DATA FOR PROCESSING START

(* Let $G$ be a gradual mechanism implementing an SCF $f$ that has no SPL opportunity, and let $G'$ be obtained from $G$ through a COA or through an inverse ILL. Then $G'$ has no SPL opportunity.
   Context: Setting. $N$ finite set of agents, $X$ finite set of outcomes, finite type spaces $\Theta_i$; $\Theta=\prod_i\Theta_i$; an SCF is $f:\Theta\to X$. Dynamic game forms. A dynamic game form with perfect recall consists of a finite tree $\bar H$ of histories (finite sequences of action profiles) containing the empty initial history $\varnothing$, closed under prefixes ($\preceq$ prefix order, $\prec$ strict); terminal histories $Z$, non-terminal $H$; at each $h\in H$ a nonempty set $\mathbb P(h)$ of agents move simultaneously with available actions $A_i(h)$, all action profiles leading to successors; $\mathbb P(\varnothing)=N$; each agent's decision nodes $H_i$ are partitioned into information sets $\boldsymbol H_i$, with available actions constant on information sets ($A(\boldsymbol h_i)$) and perfect recall; $\mathcal X:Z\to X$. For information sets of $i$, $\boldsymbol h_i\preceq\bar{\boldsymbol h}_i$ if $h\preceq\bar h$ for some $h\in\boldsymbol h_i,\bar h\in\bar{\boldsymbol h}_i$; $\sigma_{a_i}(\boldsymbol h_i)$ is the set of immediate successor information sets of $i$ reached after $i$ chooses $a_i$ at $\boldsymbol h_i$; for a history $\bar h$, $\boldsymbol h_i\prec\bar h$ means $h\prec\bar h$ for some $h\in\boldsymbol h_i$. Gradual mechanisms. A GM implementing $f$ is such a game form in which (1) actions of $i$ are nonempty subsets of $\Theta_i$; (2) at every $h\in H_i$ the available actions of $i$ are pairwise disjoint with union $\Theta_i(h)$, where for any history $h$, $\Theta_i(h)$ is the last action of $i$ in $h$ ($\Theta_i$ if $i$ has not acted); (3) $\mathcal X(z)=f(\theta)$ for all $z\in Z$, $\theta\in\Theta(z)=\prod_i\Theta_i(z)$. $\Theta_{-i}(\boldsymbol h_i)=\bigcup_{h\in\boldsymbol h_i}\prod_{j\ne i}\Theta_j(h)$. SPL opportunity. A GM has an SPL opportunity if there exist an agent $i$, an information set $\boldsymbol h_i$ and $a_i\in A(\boldsymbol h_i)$ with $|a_i|\ge 2$ such that $\{z\in Z:\boldsymbol h_i\prec z,\ \Theta_i(z)=a_i\}\ne\varnothing$ (a splitting then appends, at each such $z$, a move of $i$ alone choosing between the two parts of a partition of $a_i$). Coalescing (COA). Given information sets $\boldsymbol h_i,\bar{\boldsymbol h}_i$ of $i$ and $a_i\in A(\boldsymbol h_i)$ with $\bar{\boldsymbol h}_i\in\sigma_{a_i}(\boldsymbol h_i)$ and $\Theta_{-i}(\boldsymbol h_i)=\Theta_{-i}(\bar{\boldsymbol h}_i)$: agent $i$'s move at $\bar{\boldsymbol h}_i$ is deleted and at $\boldsymbol h_i$ agent $i$ instead chooses from $(A(\boldsymbol h_i)\setminus\{a_i\})\cup A(\bar{\boldsymbol h}_i)$; every history through $\boldsymbol h_i$ with $i$ choosing $a_i$ is replaced by the corresponding histories in which $i$ chooses some $\bar a_i\in A(\bar{\boldsymbol h}_i)$ at $\boldsymbol h_i$ (if $\bar{\boldsymbol h}_i$ is reached, $\bar a_i$ is the action taken there; otherwise one copy per $\bar a_i$), with other agents' moves, information sets (except the deleted $\bar{\boldsymbol h}_i$) and outcomes carried over. Illuminating (ILL). Given an information set $\boldsymbol h_i$ and a partition $\{\boldsymbol h_i^1,\boldsymbol h_i^2\}$ of it into nonempty sets: keep histories, other agents' information sets and outcomes; replace every information set $\bar{\boldsymbol h}_i$ of $i$ with $\boldsymbol h_i\preceq\bar{\boldsymbol h}_i$ by the nonempty sets among $\bar{\boldsymbol h}_i^k=\{\bar h\in\bar{\boldsymbol h}_i:\exists h\in\boldsymbol h_i^k,\ h\preceq\bar h\}$, $k=1,2$. An inverse ILL transforms $G$ into $G'$ whenever an ILL transforms $G'$ into $G$. *)

theory Defs
  imports Main "HOL-Library.Sublist" "HOL-Library.Disjoint_Sets" "HOL-Library.FuncSet"
begin
lemma unobserved_subset:
  assumes mono: "\<And>m. m \<ge> 1 \<Longrightarrow> t m \<omega> \<le> t (Suc m) \<omega>" and "a \<le> n"
  shows "unobserved t r n k \<omega> \<subseteq>
      {m\<in>{1..a}. t (Suc a) \<omega> - t m \<omega> \<le> r m k \<omega>} \<union>
      {m\<in>{a<..n}. t (m + w) \<omega> - t m \<omega> \<le> r m k \<omega>} \<union> {m\<in>{1..n}. n < m + w}"
proof
  have t_le: "t i \<omega> \<le> t i' \<omega>" if "1 \<le> i" "i \<le> i'" for i i'
    by (rule lift_Suc_mono_le_ivl[where N = "{1..}" and f = "\<lambda>i. t i \<omega>"]) (use mono that in auto)
  fix m assume "m \<in> unobserved t r n k \<omega>"
  then have m: "1 \<le> m" "m \<le> n" and late: "t (Suc n) \<omega> \<le> t m \<omega> + r m k \<omega>"
    unfolding unobserved_def by auto
  consider "m \<le> a" | "a < m" "m + w \<le> n" | "n < m + w"
    by linarith
  then show "m \<in> {m\<in>{1..a}. t (Suc a) \<omega> - t m \<omega> \<le> r m k \<omega>} \<union>
      {m\<in>{a<..n}. t (m + w) \<omega> - t m \<omega> \<le> r m k \<omega>} \<union> {m\<in>{1..n}. n < m + w}"
  proof cases
    case 1
    have "t (Suc a) \<omega> \<le> t (Suc n) \<omega>"
      using assms(2) by (intro t_le) auto
    then have "t (Suc a) \<omega> - t m \<omega> \<le> r m k \<omega>"
      using late by linarith
    then show ?thesis
      using 1 m(1) by simp
  next
    case 2
    have "t (m + w) \<omega> \<le> t (Suc n) \<omega>"
      using 2 m by (intro t_le) auto
    then have "t (m + w) \<omega> - t m \<omega> \<le> r m k \<omega>"
      using late by linarith
    then show ?thesis
      using 2 m(2) by simp
  next
    case 3
    then show ?thesis
      using m by simp
  qed
qed
lemma level_tableau_unique:
  assumes T: "T \<in> EWtab R n"
    and word: "canon_word R n (phi_TC R n T) = canon_word R n level_config"
  shows "T = level_tableau"
proof -
  let ?c = "phi_TC R n T"
  have stable: "stable_config R n ?c" using stable_config_phi_TC[OF sink_row T] .
  have same_phase: "canon_top R n ?c k = canon_top R n level_config k" if "1 \<le> k" "k < 2*n+3" for k
    using canon_top_eq_if_canon_word_eq[OF stable stable_level_config word] that .
  have bound: "card {u. adj R n u v \<and> t v < t u} \<le> card {u. adj R n u v \<and> grain R T u v}"
    if v: "v \<in> {1..n}" for v
  proof -
    have range: "1 \<le> t v" "t v \<le> n" using level_range[OF v] by auto
    have "toppled R n ?c (t v - 1) = toppled R n level_config (t v - 1)"
      unfolding toppled_def using same_phase range by (intro arg_cong[where f = "insert 0"] SUP_cong) auto
    hence "{u \<in> toppled R n ?c (t v - 1). adj R n u v} = {u. adj R n u v \<and> t u < t v}"
      using range adj_le by (auto simp: toppled_level_config)
    moreover have "v \<in> canon_top R n ?c (Suc (t v - 1))"
      using same_phase[of "t v"] canon_top_level_config[of "t v"] range v by simp
    ultimately have "deg R n v \<le> ?c v + card {u. adj R n u v \<and> t u < t v}"
      unfolding stable_config.canon_top_Suc_eq[OF stable] by simp
    thus ?thesis using deg_level_split[of v] phi_TC_eq_card_grain[OF v] by simp
  qed
  have "\<And>j. cell R n 0 j \<Longrightarrow> T 0 j" "\<And>i j. T i j \<Longrightarrow> cell R n i j"
    using T by (auto simp: EWtab_def)
  then show ?thesis
    using grain_eq_level[OF _ bound] grain_level_tableau
    by (intro tableau_eqI[of T R n]) (auto simp: level_tableau_def)
qed

end

section \<open>Run indices of a permutation\<close>

lemma run_changes_0: "run_changes w 0 = 0"
  by (simp add: run_changes_def)

lemma run_changes_Suc:
  "run_changes w (Suc p) = run_changes w p + (if asc_top w (Suc p) \<noteq> asc_top w p then 1 else 0)"
proof -
  let ?C = "\<lambda>q. asc_top w q \<noteq> asc_top w (q - 1)"
  have "{q. 1 \<le> q \<and> q \<le> Suc p \<and> ?C q} = {q. 1 \<le> q \<and> q \<le> p \<and> ?C q} \<union> (if ?C (Suc p) then {Suc p} else {})"
    by (auto simp: le_Suc_eq)
  moreover have "finite {q. 1 \<le> q \<and> q \<le> p \<and> ?C q}"
    by (rule finite_subset[of _ "{..p}"]) auto
  ultimately show ?thesis unfolding run_changes_def by auto
qed

lemma asc_top_iff_even_run_changes: "asc_top w p \<longleftrightarrow> even (run_changes w p)"
  by (induction p) (auto simp: run_changes_0 run_changes_Suc asc_top_def)

lemma run_changes_mono: "p \<le> q \<Longrightarrow> run_changes w p \<le> run_changes w q"
  unfolding run_changes_def by (rule card_mono) (auto intro: finite_subset[of _ "{..q}"])

lemma run_changes_le: "run_changes w p \<le> p"
  by (induction p) (auto simp: run_changes_0 run_changes_Suc)

lemma transp_chain:
  fixes a b :: nat
  assumes "transp Q" and step: "\<And>r. a < r \<Longrightarrow> r \<le> b \<Longrightarrow> Q (f (r - 1)) (f r)"
  shows "a < b \<Longrightarrow> Q (f a) (f b)"
  using step
proof (induction b)
  case (Suc b)
  hence "Q (f b) (f (Suc b))" by (metis diff_Suc_1 le_refl zero_less_Suc less_Suc_eq)
  with Suc assms(1) show ?case
    by (cases "a = b") (auto dest: transpD)
qed simp

lemma filter_key_less_Suc:
  fixes g :: "'a \<Rightarrow> nat"
  shows "sorted (map g xs) \<Longrightarrow>
    filter (\<lambda>x. g x < Suc b) xs = filter (\<lambda>x. g x < b) xs @ filter (\<lambda>x. g x = b) xs"
proof (induction xs)
  case (Cons x xs)
  show ?case
  proof (cases "g x < b")
    case False
    with Cons.prems have "\<forall>y\<in>set xs. b \<le> g y" by force
    hence "filter (\<lambda>x. g x < b) xs = []" "filter (\<lambda>x. g x < Suc b) xs = filter (\<lambda>x. g x = b) xs"
      by (auto simp: filter_empty_conv intro!: filter_cong)
    with False show ?thesis by auto
  qed (use Cons in simp)
qed simp

lemma concat_filter_key:
  fixes g :: "'a \<Rightarrow> nat"
  assumes "sorted (map g xs)" "\<forall>x\<in>set xs. a \<le> g x"
  shows "concat (map (\<lambda>k. filter (\<lambda>x. g x = k) xs) [a..<b]) = filter (\<lambda>x. g x < b) xs"
proof (induction b)
  case 0
  thus ?case by (auto simp: filter_empty_conv)
next
  case (Suc b)
  show ?case
  proof (cases "a \<le> b")
    case True
    with Suc filter_key_less_Suc[OF assms(1)] show ?thesis by simp
  next
    case False
    hence "filter (\<lambda>x. g x < Suc b) xs = []"
      using assms(2) by (force simp: filter_empty_conv)
    with False show ?thesis by simp
  qed
qed
theorem theorem11:
  fixes X :: "real^'d^'n" and y :: "real^'n" and g :: "real^'d \<Rightarrow> ereal"
    and bt :: "real^'d" and tt :: "real^'n"
  assumes n2: "CARD('n) \<ge> 2"
    and proper: "proper_fun g" and lsc: "lsc_fun g" and cvx: "convex_fun g"
    and homog: "\<And>k b. k \<ge> 0 \<Longrightarrow> g (k *\<^sub>R b) = ereal k * g b"
    and relint: "\<exists>b. b \<in> rel_interior (edom g)"
    and attains: "\<exists>b0. \<forall>b. ereal ((1/2) * (norm (y - X *v b0))\<^sup>2) + g b0
                              \<le> ereal ((1/2) * (norm (y - X *v b))\<^sup>2) + g b"
    and Xbt: "X *v bt \<noteq> 0"
    and tt_dom: "tt \<in> edom (dual_fun X y g)"
  shows "is_min_ball (R_DS X y g bt tt) (center_DE X y g bt tt) (radius2_DE X y g bt tt)"
proof -
  \<comment> \<open>Only the homogeneity of \<open>g\<close> and the finiteness of \<open>D(\<tilde>\<theta>)\<close> are needed.\<close>
  define c0 where "c0 = (1/2) *\<^sub>R (tt + y)"
  define R2 where "R2 = (1/4) * (norm (tt - y))\<^sup>2"
  have R_DS: "R_DS X y g bt tt = {t. (norm (t - c0))\<^sup>2 \<le> R2 \<and> ereal (t \<bullet> (X *v bt)) \<le> g bt}"
    by (simp add: R_DS_eq c0_def R2_def)
  have tt_mem: "tt \<in> R_DS X y g bt tt" using mem_R_DS_self[OF homog tt_dom] .
  show ?thesis
  proof (cases "g bt")
    case (real \<gamma>)
    then have "R_DS X y g bt tt = {t. (norm (t - c0))\<^sup>2 \<le> R2 \<and> t \<bullet> (X *v bt) \<le> \<gamma>}"
      by (simp add: R_DS)
    with tt_mem show ?thesis
      unfolding center_DE_def radius2_DE_def alpha_DE_real[of g bt, OF real Xbt]
      by (intro is_min_ball_cball_inter_halfspace) (auto simp: n2 Xbt c0_def R2_def)
  next
    case PInf
    then have "R_DS X y g bt tt = {t. (norm (t - c0))\<^sup>2 \<le> R2}" by (simp add: R_DS)
    moreover have "center_DE X y g bt tt = c0" and "radius2_DE X y g bt tt = R2"
      by (simp_all add: center_DE_def radius2_DE_def alpha_DE_PInf[of g bt, OF PInf Xbt] c0_def R2_def)
    moreover have "R2 \<ge> 0" by (simp add: R2_def)
    ultimately show ?thesis using is_min_ball_cball by metis
  next
    case MInf
    with tt_mem show ?thesis by (simp add: R_DS)
  qed
qed

end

DATA FOR PROCESSING END

Reproduce each line of the material containing the word "noteq".

  "run_changes w (Suc p) = run_changes w p + (if asc_top w (Suc p) \<noteq> asc_top w p then 1 else 0)"
  let ?C = "\<lambda>q. asc_top w q \<noteq> asc_top w (q - 1)"
    and Xbt: "X *v bt \<noteq> 0"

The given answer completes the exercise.